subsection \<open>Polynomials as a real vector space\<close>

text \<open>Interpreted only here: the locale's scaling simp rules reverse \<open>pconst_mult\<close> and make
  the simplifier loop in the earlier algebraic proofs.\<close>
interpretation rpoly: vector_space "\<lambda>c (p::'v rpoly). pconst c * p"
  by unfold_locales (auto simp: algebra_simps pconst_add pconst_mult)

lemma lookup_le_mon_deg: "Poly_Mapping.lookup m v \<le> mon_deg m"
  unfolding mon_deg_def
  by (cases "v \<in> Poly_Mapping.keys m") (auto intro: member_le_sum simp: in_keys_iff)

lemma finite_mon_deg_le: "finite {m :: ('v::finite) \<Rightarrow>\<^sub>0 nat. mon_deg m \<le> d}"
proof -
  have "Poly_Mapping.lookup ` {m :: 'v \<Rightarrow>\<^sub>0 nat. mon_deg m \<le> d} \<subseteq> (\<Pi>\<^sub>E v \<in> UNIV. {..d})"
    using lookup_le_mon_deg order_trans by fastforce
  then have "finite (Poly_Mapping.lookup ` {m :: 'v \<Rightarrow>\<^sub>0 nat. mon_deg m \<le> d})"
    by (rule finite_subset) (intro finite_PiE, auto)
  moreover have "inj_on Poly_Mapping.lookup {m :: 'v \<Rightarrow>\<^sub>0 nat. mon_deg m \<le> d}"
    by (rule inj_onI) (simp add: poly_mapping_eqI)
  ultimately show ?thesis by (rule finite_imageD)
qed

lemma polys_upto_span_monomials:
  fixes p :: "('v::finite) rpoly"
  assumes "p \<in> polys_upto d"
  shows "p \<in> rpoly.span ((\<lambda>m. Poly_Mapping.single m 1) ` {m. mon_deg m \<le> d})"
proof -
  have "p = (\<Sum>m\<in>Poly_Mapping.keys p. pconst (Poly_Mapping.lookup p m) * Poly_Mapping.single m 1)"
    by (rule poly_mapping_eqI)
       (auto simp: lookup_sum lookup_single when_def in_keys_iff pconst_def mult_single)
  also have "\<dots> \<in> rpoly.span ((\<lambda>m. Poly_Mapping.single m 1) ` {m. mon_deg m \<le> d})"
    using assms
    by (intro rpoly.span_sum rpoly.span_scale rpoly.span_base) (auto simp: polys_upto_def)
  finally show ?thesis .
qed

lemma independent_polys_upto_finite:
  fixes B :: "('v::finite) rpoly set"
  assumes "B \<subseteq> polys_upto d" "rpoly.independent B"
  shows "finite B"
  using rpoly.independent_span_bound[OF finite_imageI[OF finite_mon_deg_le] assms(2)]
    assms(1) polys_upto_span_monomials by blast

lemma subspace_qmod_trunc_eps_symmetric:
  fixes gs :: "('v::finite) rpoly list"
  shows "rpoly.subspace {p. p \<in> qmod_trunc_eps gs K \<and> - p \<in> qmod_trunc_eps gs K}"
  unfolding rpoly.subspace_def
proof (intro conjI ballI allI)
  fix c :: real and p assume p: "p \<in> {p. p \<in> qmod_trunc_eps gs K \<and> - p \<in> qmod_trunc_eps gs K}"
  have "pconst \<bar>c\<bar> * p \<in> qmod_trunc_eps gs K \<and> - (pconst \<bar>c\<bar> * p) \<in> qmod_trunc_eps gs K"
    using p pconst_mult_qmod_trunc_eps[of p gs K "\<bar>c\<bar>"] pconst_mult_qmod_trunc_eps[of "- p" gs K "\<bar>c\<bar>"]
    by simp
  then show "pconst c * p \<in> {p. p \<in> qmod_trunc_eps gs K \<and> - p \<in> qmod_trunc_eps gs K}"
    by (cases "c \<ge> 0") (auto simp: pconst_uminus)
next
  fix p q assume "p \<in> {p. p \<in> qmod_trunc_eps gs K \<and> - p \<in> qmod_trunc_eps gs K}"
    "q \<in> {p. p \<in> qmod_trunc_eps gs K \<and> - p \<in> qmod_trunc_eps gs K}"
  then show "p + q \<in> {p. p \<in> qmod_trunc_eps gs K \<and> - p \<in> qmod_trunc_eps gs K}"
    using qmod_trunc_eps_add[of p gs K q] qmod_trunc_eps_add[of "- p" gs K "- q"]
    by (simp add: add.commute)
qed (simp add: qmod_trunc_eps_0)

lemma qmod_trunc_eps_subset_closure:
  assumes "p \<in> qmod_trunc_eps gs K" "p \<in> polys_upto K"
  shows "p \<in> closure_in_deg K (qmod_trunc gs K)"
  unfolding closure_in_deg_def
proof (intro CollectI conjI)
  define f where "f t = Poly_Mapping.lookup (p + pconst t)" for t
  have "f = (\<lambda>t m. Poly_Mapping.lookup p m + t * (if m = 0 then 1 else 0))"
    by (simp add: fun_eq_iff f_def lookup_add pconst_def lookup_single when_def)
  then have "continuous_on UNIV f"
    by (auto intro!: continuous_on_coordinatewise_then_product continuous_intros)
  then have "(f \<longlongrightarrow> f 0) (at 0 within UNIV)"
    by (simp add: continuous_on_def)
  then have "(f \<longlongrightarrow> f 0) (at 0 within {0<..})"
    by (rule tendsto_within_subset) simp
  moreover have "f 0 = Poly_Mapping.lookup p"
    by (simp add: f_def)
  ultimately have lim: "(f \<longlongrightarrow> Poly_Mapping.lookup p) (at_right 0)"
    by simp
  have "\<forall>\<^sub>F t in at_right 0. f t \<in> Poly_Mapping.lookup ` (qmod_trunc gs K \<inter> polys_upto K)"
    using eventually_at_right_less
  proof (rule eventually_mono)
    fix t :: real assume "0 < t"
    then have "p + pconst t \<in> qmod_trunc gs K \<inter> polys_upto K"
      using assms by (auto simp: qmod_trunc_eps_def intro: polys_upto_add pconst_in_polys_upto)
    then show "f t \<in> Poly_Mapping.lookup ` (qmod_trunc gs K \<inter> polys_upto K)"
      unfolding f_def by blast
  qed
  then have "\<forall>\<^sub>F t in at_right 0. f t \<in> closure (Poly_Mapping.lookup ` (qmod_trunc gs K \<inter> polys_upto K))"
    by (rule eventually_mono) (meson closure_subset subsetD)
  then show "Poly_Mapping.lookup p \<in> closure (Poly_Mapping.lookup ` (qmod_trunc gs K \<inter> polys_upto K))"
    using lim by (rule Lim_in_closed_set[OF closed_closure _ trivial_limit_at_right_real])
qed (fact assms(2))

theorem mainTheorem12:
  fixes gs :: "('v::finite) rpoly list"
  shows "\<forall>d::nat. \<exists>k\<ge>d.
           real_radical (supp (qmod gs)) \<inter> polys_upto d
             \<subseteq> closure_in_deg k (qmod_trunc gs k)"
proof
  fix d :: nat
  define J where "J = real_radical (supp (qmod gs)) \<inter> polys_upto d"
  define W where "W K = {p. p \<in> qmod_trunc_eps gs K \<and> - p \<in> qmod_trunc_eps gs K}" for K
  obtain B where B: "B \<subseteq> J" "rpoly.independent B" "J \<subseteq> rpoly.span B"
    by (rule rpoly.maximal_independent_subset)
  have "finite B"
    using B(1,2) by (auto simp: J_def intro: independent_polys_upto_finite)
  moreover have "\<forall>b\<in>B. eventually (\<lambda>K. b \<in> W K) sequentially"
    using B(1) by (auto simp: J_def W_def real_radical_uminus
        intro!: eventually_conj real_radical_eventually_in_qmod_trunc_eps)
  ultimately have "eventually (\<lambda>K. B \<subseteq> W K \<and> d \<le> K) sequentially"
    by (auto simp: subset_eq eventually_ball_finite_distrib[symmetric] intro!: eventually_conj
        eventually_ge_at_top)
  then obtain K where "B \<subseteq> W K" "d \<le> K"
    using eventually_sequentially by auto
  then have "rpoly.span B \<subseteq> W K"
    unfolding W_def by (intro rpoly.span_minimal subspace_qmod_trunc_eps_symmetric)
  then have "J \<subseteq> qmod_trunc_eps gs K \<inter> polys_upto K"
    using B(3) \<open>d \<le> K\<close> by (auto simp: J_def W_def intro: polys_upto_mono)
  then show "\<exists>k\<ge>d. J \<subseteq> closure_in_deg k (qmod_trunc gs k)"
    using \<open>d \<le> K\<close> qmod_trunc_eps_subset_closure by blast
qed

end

--

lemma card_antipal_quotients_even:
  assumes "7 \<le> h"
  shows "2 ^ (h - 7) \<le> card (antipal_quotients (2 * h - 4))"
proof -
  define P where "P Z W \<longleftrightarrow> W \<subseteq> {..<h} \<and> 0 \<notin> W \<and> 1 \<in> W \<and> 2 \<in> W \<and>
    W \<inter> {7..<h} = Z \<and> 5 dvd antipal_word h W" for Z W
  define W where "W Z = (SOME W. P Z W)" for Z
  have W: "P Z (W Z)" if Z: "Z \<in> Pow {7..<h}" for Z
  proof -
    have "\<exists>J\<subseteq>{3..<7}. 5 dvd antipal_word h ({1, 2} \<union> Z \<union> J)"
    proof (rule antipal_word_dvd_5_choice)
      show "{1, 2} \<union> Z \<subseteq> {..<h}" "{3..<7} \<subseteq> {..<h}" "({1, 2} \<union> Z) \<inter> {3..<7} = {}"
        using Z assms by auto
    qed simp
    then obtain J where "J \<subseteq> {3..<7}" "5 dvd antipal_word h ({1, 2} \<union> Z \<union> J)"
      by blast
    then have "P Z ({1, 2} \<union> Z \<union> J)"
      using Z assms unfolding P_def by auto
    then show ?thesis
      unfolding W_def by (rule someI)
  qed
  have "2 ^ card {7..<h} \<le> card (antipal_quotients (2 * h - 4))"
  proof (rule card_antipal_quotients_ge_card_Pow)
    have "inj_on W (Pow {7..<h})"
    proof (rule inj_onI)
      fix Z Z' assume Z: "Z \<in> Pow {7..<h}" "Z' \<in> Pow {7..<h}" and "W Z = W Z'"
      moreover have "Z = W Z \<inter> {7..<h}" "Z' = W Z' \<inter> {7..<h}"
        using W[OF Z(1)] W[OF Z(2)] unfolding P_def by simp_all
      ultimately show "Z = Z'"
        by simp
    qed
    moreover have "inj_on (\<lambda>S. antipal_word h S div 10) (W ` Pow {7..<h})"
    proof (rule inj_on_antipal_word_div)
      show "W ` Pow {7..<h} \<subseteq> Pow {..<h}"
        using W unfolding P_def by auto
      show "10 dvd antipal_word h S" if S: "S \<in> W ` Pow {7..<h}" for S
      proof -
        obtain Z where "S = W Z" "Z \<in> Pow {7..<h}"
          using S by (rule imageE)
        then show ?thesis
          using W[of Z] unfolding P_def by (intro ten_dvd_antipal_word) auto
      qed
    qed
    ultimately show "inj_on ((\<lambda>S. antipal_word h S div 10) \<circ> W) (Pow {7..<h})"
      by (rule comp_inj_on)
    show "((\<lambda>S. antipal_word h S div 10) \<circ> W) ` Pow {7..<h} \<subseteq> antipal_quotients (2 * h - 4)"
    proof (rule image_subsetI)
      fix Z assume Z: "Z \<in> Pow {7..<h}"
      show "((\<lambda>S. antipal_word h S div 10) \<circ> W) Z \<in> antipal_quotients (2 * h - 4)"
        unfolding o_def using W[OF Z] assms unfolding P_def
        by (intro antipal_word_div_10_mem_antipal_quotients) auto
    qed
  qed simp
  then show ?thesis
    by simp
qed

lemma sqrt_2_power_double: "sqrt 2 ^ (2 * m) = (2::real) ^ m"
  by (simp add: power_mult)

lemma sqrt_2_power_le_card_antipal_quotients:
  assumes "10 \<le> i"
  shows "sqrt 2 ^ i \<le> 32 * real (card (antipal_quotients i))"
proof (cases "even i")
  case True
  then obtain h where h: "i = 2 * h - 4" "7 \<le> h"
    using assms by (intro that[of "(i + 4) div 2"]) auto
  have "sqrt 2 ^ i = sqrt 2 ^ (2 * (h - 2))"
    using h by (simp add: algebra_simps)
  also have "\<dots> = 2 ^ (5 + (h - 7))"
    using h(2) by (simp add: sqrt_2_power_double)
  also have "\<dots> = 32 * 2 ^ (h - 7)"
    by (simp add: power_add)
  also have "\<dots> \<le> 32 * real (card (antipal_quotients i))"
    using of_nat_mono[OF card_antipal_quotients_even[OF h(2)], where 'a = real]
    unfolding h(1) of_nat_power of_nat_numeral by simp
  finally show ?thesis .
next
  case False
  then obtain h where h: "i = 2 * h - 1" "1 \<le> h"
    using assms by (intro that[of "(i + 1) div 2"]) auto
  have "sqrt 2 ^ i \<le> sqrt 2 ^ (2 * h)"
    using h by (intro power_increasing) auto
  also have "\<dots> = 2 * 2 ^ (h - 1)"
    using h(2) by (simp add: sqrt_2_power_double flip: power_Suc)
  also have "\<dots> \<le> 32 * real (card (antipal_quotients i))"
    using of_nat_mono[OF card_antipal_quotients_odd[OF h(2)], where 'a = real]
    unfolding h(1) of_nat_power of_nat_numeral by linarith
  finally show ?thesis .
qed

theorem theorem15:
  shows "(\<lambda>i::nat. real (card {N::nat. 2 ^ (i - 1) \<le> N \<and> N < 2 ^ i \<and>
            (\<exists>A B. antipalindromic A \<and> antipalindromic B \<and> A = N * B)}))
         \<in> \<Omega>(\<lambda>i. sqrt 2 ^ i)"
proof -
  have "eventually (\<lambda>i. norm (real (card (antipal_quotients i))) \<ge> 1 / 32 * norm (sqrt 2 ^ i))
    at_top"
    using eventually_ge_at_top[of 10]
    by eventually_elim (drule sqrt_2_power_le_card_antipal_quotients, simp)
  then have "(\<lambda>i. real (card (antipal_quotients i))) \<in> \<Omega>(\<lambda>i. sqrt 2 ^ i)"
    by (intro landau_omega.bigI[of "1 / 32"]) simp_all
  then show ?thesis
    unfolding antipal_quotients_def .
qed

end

WHAT IS BEING ASKED
Exactly how many lines of the records hold "dots"? Give the number without any words.

ANSWER TO THE EXERCISE
6